FIG. 2 illustrates an exemplary method embodiment for multimodal interaction. The system first receives a plurality of multimodal inputs associated with a query, the plurality of multimodal inputs including at least one gesture input (202). The gesture inputs can contain one or more unexpected or errorful gesture. For example, if a user gestures in haste and the gesture is incomplete or inaccurate, the user can add a gesture to correct it. The initial gesture may also have errors that are uncorrected. The system can receive multiple multimodal inputs as part of a single turn of interaction. Gesture inputs can include stylus-based input, finger-based touch input, mouse input, and other pointing device input. Other pointing devices can include infrared-sensor equipped pointing devices, gyroscope-based devices, accelerometer-based devices, compass-based devices, and so forth. The system may also receive motion in the air such as hand motions that are received as gesture input. - The system edits the at least one gesture input with a gesture edit machine (204). The gesture edit machine can perform actions such as deletion, substitution, insertion, and aggregation. In one example of deletion, the gesture edit machine removes unintended gestures from processing. In an example of aggregation, a user draws two half circles representing a whole circle. The gesture edit machine can aggregate the two half circle gestures into a single circle gesture, thereby creating a single conceptual input. The system can handle this as part of gesture recognition. The gesture recognizer can consider both individual strokes and combinations of strokes is classifying gestures before aggregation. In one variation, a finite-state transducer models the gesture edit machine.
- The system responds to the query based on the edited at least one gesture input and the remaining multimodal inputs (206). The system can respond to the query by outputting a multimodal presentation that synchronizes one or more of graphical callouts, still images, animation, sound effects, and synthetic speech. For example, the system can output speech instructions while showing an animation of a dotted red line on a map leading to an icon representing a destination.
- In one embodiment, the system further generates a lattice for each multimodal input, generates an integrated lattice which represents a combined meaning of the generated lattices by combining the generated lattices, and responds to the query further based on the integrated lattice.
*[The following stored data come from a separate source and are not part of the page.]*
lemma pcompose_resultant_quadratic:
  fixes f :: "'a :: idom poly" and q :: "'a poly poly"
  assumes "degree q = 2" and q: "map_poly (\<lambda>p. p \<circ>\<^sub>p T) q = [:-A, 1:] * [:-B, 1:]"
    and "A \<noteq> B" "A * B \<noteq> 0"
  shows "resultant (map_poly (\<lambda>a. [:a:]) f) q \<circ>\<^sub>p T = (f \<circ>\<^sub>p A) * (f \<circ>\<^sub>p B)"
proof -
  have const: "map_poly (\<lambda>p. p \<circ>\<^sub>p T) (map_poly (\<lambda>a. [:a:]) f) = map_poly (\<lambda>a. [:a:]) f"
    by (subst map_poly_map_poly) (auto simp: o_def)
  have "resultant (map_poly (\<lambda>a. [:a:]) f) q \<circ>\<^sub>p T
      = resultant (map_poly (\<lambda>p. p \<circ>\<^sub>p T) (map_poly (\<lambda>a. [:a:]) f)) (map_poly (\<lambda>p. p \<circ>\<^sub>p T) q)"
    by (rule pcompose_hom.resultant_map_poly[symmetric]) (auto simp: const q assms(1))
  also have "\<dots> = poly (map_poly (\<lambda>a. [:a:]) f) A * poly (map_poly (\<lambda>a. [:a:]) f) B"
    unfolding const q by (rule resultant_mult_linear_factors) fact+
  finally show ?thesis by (simp add: poly_map_poly_const)
qed

lemma quad_norm_pcompose_C_of_t:
  fixes A :: "'a :: {idom, ring_char_0} poly"
  shows "quad_norm A \<circ>\<^sub>p C_of_t = A * neg_var A"
proof -
  have q: "map_poly (\<lambda>p. p \<circ>\<^sub>p C_of_t) [:[:7, 1:], 0, 1:] = [:-[:0, 1:], 1:] * [:-[:0, -1:], 1 :: 'a poly:]"
    by (simp add: C_of_t_def)
  have "[:0, 1:] \<noteq> ([:0, -1:] :: 'a poly)" "[:0, 1:] * [:0, -1:] \<noteq> (0 :: 'a poly)"
    by simp_all
  from pcompose_resultant_quadratic[OF _ q this]
  have "quad_norm A \<circ>\<^sub>p C_of_t = (A \<circ>\<^sub>p [:0, 1:]) * (A \<circ>\<^sub>p [:0, -1:])"
    unfolding quad_norm_def by simp
  then show ?thesis
    by (simp add: neg_var_def)
qed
In this embodiment, the system can also capture the alignment of the lattices in a single declarative multimodal grammar representation. A cascade of finite state operations can align and integrate content in the lattices. The system can also compile the multimodal grammar representation into a finite-state machine operating over each of the plurality of multimodal inputs and over the combined meaning.
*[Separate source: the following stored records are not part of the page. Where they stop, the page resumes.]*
(* Let $0<s\le1$ and let $\beta\in(1,2)$ be such that the $\beta$-expansion of $1$ terminates; fix $m\in\mathbb N$, $\bar p\in[0,1]^{2^m}$ and $\epsilon>0$. Suppose there are a strictly increasing sequence $(M_k)$ of natural numbers and $0\le c<1$ such that $N^s_\infty\big([0,1)\cap G^{\beta,m}_{\bar p}(M_k,\epsilon)\big)<c$ for all $k$. Then for each cylinder $C$ of $f_\beta$ which is a scaling of $[0,1)$ (i.e. if $C$ has generation $n$ then $f_\beta^n$ maps $C$ onto $[0,1)$, so that $C$ is an affine copy of $[0,1)$ of length $\beta^{-n}$), there is $K_C$ such that $N^s_\infty\big(C\cap G^{\beta,m}_{\bar p}(M_k,\epsilon/2)\big)<c|C|^s$ for all $k>K_C$.
   Context: For $\beta\in(1,2)$ let $f_\beta(x)=\beta x \bmod 1$ on $[0,1)$ and $d_n(x,\beta)=\lfloor \beta f_\beta^n(x)\rfloor$, $n\ge0$; $(x_n)_{n\ge0}=(d_n(x,\beta))_{n\ge0}\in\{0,1\}^{\mathbb N}$ is the $\beta$-expansion of $x$. The expansion of $1$ terminates if $d(1,\beta)=j_0\dots j_{k-1}0^\infty$. A cylinder of generation $n$ is a nonempty set $[i_0\cdots i_{n-1}]=\{x\in[0,1): d_k(x,\beta)=i_k,\ 0\le k<n\}$. For a word $w$ of length $m$ and $n>m$, $\tau^\beta_w(x,n)=\#\{i\in\{0,\dots,n-m-1\}: x_i\dots x_{i+m-1}=w\}$; enumerating binary words of length $m$ as $w_1,\dots,w_{2^m}$, $G^{\beta,m}_{\bar p}(n,\epsilon)=\{x\in[0,1): p_{w_j}-\epsilon<\tau^\beta_{w_j}(x,n)/(n-m)<p_{w_j}+\epsilon,\ j=1,\dots,2^m\}$. $N^s_\infty(F)=\inf\{\sum_i|C_i|^s: F\subset\bigcup_iC_i\}$, the infimum over countable covers by cylinders of $f_\beta$. *)

theory Defs
  imports "HOL-Analysis.Analysis"
begin

definition fbeta :: "real \<Rightarrow> real \<Rightarrow> real" where
  "fbeta \<beta> x = frac (\<beta> * x)"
- One aspect of the invention concerns the use of multimodal language processing techniques to enable interfaces combining speech and gesture input that overcome traditional human-computer interface limitations. One specific focus is robust processing of pen gesture inputs in a local search application. Gestures can also include stylus-based input, finger-based touch input, mouse input, other pointing device input, locational input (such as input from a gyroscope, accelerometer, or Global Positioning System (GPS)), and even hand waving or other physical gestures in front of a camera or sensor. Although much of the disclosure discusses pen gestures, the principles disclosed herein are equally applicable to other kinds of gestures. Gestures can also include unexpected and/or errorful gestures, such as those shown in the variations shown in
FIGS. 11A-G . Edit-based techniques that have proven effective in spoken language processing can also be used to overcome unexpected or errorful gesture input, albeit with some significant modifications outlined herein. A bottom-up gesture aggregation technique can improve the coverage of multimodal understanding. - In one aspect, multimodal interaction on mobile devices includes speech, pen, and touch input. Pen and touch input include different types of gestures, such as circles, arrows, points, writing, and others. Multimodal interfaces can be extremely effective when they allow users to combine multiple modalities in a single turn of interaction, such as allowing a user to issue a command using both speech and pen modalities simultaneously. Specific non-limiting examples of a user issuing simultaneous multimodal commands are given below. This kind of multimodal interaction requires integration and understanding of information distributed in two or more modalities and information gleaned from the timing and interrelationships of two or more modalities. This disclosure discusses techniques to provide robustness to gesture recognition errors and highlights an extension of these techniques to gesture aggregation, where multiple pen gestures are interpreted as a single conceptual gesture for the purposes of multimodal integration and understanding.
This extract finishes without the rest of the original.